▸ TASK GOAL
Copy each line below without leaving any out.

▸ SUPPLIED DATA

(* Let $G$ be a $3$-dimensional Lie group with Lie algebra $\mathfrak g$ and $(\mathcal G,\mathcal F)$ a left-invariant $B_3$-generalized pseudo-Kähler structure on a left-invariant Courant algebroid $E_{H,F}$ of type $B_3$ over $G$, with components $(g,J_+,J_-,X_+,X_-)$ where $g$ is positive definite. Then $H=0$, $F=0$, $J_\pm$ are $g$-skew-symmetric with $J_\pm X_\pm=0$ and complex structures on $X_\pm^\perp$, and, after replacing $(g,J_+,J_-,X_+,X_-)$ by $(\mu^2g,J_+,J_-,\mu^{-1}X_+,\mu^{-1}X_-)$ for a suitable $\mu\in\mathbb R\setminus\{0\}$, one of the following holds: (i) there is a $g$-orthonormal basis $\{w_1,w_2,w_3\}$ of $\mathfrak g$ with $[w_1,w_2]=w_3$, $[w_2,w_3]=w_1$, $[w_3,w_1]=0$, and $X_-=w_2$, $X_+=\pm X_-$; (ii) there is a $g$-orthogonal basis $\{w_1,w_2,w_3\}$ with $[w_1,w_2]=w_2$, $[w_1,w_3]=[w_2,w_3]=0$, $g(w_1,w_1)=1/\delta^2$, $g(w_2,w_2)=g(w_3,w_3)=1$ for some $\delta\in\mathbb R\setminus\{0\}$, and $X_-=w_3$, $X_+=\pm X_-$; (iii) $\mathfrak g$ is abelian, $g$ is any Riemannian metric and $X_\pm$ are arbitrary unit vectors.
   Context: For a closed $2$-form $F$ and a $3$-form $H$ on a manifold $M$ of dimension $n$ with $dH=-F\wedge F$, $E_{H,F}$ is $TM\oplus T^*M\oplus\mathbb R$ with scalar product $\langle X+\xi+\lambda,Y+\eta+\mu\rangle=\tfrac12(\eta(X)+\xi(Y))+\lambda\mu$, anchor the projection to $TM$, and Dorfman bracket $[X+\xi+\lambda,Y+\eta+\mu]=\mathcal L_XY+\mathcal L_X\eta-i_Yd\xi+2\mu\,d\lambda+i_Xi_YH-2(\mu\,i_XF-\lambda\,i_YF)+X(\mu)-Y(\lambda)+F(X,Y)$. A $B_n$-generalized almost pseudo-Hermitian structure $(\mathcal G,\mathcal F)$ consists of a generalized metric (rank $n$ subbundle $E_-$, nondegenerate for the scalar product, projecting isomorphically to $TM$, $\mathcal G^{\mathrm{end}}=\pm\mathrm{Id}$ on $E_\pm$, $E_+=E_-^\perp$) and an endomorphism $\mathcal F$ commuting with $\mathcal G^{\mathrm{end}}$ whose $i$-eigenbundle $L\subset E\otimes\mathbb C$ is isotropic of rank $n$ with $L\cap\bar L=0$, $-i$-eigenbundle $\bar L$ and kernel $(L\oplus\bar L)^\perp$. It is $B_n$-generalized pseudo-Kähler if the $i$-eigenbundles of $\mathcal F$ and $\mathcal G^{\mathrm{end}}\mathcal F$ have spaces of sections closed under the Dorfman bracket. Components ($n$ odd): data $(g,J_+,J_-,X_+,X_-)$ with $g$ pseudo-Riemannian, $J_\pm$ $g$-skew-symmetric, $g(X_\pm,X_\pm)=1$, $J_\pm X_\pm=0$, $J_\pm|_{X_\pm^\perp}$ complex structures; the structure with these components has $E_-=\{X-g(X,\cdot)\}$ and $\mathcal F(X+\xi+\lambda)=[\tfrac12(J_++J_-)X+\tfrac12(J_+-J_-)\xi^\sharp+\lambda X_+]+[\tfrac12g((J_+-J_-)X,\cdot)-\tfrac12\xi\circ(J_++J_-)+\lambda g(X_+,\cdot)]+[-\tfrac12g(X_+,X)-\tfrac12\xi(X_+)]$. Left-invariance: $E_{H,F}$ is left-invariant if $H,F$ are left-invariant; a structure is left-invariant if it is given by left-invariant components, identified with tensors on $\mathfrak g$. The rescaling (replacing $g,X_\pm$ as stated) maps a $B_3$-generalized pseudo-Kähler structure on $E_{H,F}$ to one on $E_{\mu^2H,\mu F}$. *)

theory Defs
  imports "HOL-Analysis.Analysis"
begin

▸ SOLUTION FOR THIS EXERCISE
(* Let $G$ be a $3$-dimensional Lie group with Lie algebra $\mathfrak g$ and $(\mathcal G,\mathcal F)$ a left-invariant $B_3$-generalized pseudo-Kähler structure on a left-invariant Courant algebroid $E_{H,F}$ of type $B_3$ over $G$, with components $(g,J_+,J_-,X_+,X_-)$ where $g$ is positive definite. Then $H=0$, $F=0$, $J_\pm$ are $g$-skew-symmetric with $J_\pm X_\pm=0$ and complex structures on $X_\pm^\perp$, and, after replacing $(g,J_+,J_-,X_+,X_-)$ by $(\mu^2g,J_+,J_-,\mu^{-1}X_+,\mu^{-1}X_-)$ for a suitable $\mu\in\mathbb R\setminus\{0\}$, one of the following holds: (i) there is a $g$-orthonormal basis $\{w_1,w_2,w_3\}$ of $\mathfrak g$ with $[w_1,w_2]=w_3$, $[w_2,w_3]=w_1$, $[w_3,w_1]=0$, and $X_-=w_2$, $X_+=\pm X_-$; (ii) there is a $g$-orthogonal basis $\{w_1,w_2,w_3\}$ with $[w_1,w_2]=w_2$, $[w_1,w_3]=[w_2,w_3]=0$, $g(w_1,w_1)=1/\delta^2$, $g(w_2,w_2)=g(w_3,w_3)=1$ for some $\delta\in\mathbb R\setminus\{0\}$, and $X_-=w_3$, $X_+=\pm X_-$; (iii) $\mathfrak g$ is abelian, $g$ is any Riemannian metric and $X_\pm$ are arbitrary unit vectors.
   Context: For a closed $2$-form $F$ and a $3$-form $H$ on a manifold $M$ of dimension $n$ with $dH=-F\wedge F$, $E_{H,F}$ is $TM\oplus T^*M\oplus\mathbb R$ with scalar product $\langle X+\xi+\lambda,Y+\eta+\mu\rangle=\tfrac12(\eta(X)+\xi(Y))+\lambda\mu$, anchor the projection to $TM$, and Dorfman bracket $[X+\xi+\lambda,Y+\eta+\mu]=\mathcal L_XY+\mathcal L_X\eta-i_Yd\xi+2\mu\,d\lambda+i_Xi_YH-2(\mu\,i_XF-\lambda\,i_YF)+X(\mu)-Y(\lambda)+F(X,Y)$. A $B_n$-generalized almost pseudo-Hermitian structure $(\mathcal G,\mathcal F)$ consists of a generalized metric (rank $n$ subbundle $E_-$, nondegenerate for the scalar product, projecting isomorphically to $TM$, $\mathcal G^{\mathrm{end}}=\pm\mathrm{Id}$ on $E_\pm$, $E_+=E_-^\perp$) and an endomorphism $\mathcal F$ commuting with $\mathcal G^{\mathrm{end}}$ whose $i$-eigenbundle $L\subset E\otimes\mathbb C$ is isotropic of rank $n$ with $L\cap\bar L=0$, $-i$-eigenbundle $\bar L$ and kernel $(L\oplus\bar L)^\perp$. It is $B_n$-generalized pseudo-Kähler if the $i$-eigenbundles of $\mathcal F$ and $\mathcal G^{\mathrm{end}}\mathcal F$ have spaces of sections closed under the Dorfman bracket. Components ($n$ odd): data $(g,J_+,J_-,X_+,X_-)$ with $g$ pseudo-Riemannian, $J_\pm$ $g$-skew-symmetric, $g(X_\pm,X_\pm)=1$, $J_\pm X_\pm=0$, $J_\pm|_{X_\pm^\perp}$ complex structures; the structure with these components has $E_-=\{X-g(X,\cdot)\}$ and $\mathcal F(X+\xi+\lambda)=[\tfrac12(J_++J_-)X+\tfrac12(J_+-J_-)\xi^\sharp+\lambda X_+]+[\tfrac12g((J_+-J_-)X,\cdot)-\tfrac12\xi\circ(J_++J_-)+\lambda g(X_+,\cdot)]+[-\tfrac12g(X_+,X)-\tfrac12\xi(X_+)]$. Left-invariance: $E_{H,F}$ is left-invariant if $H,F$ are left-invariant; a structure is left-invariant if it is given by left-invariant components, identified with tensors on $\mathfrak g$. The rescaling (replacing $g,X_\pm$ as stated) maps a $B_3$-generalized pseudo-Kähler structure on $E_{H,F}$ to one on $E_{\mu^2H,\mu F}$. *)

theory Defs
  imports "HOL-Analysis.Analysis"
begin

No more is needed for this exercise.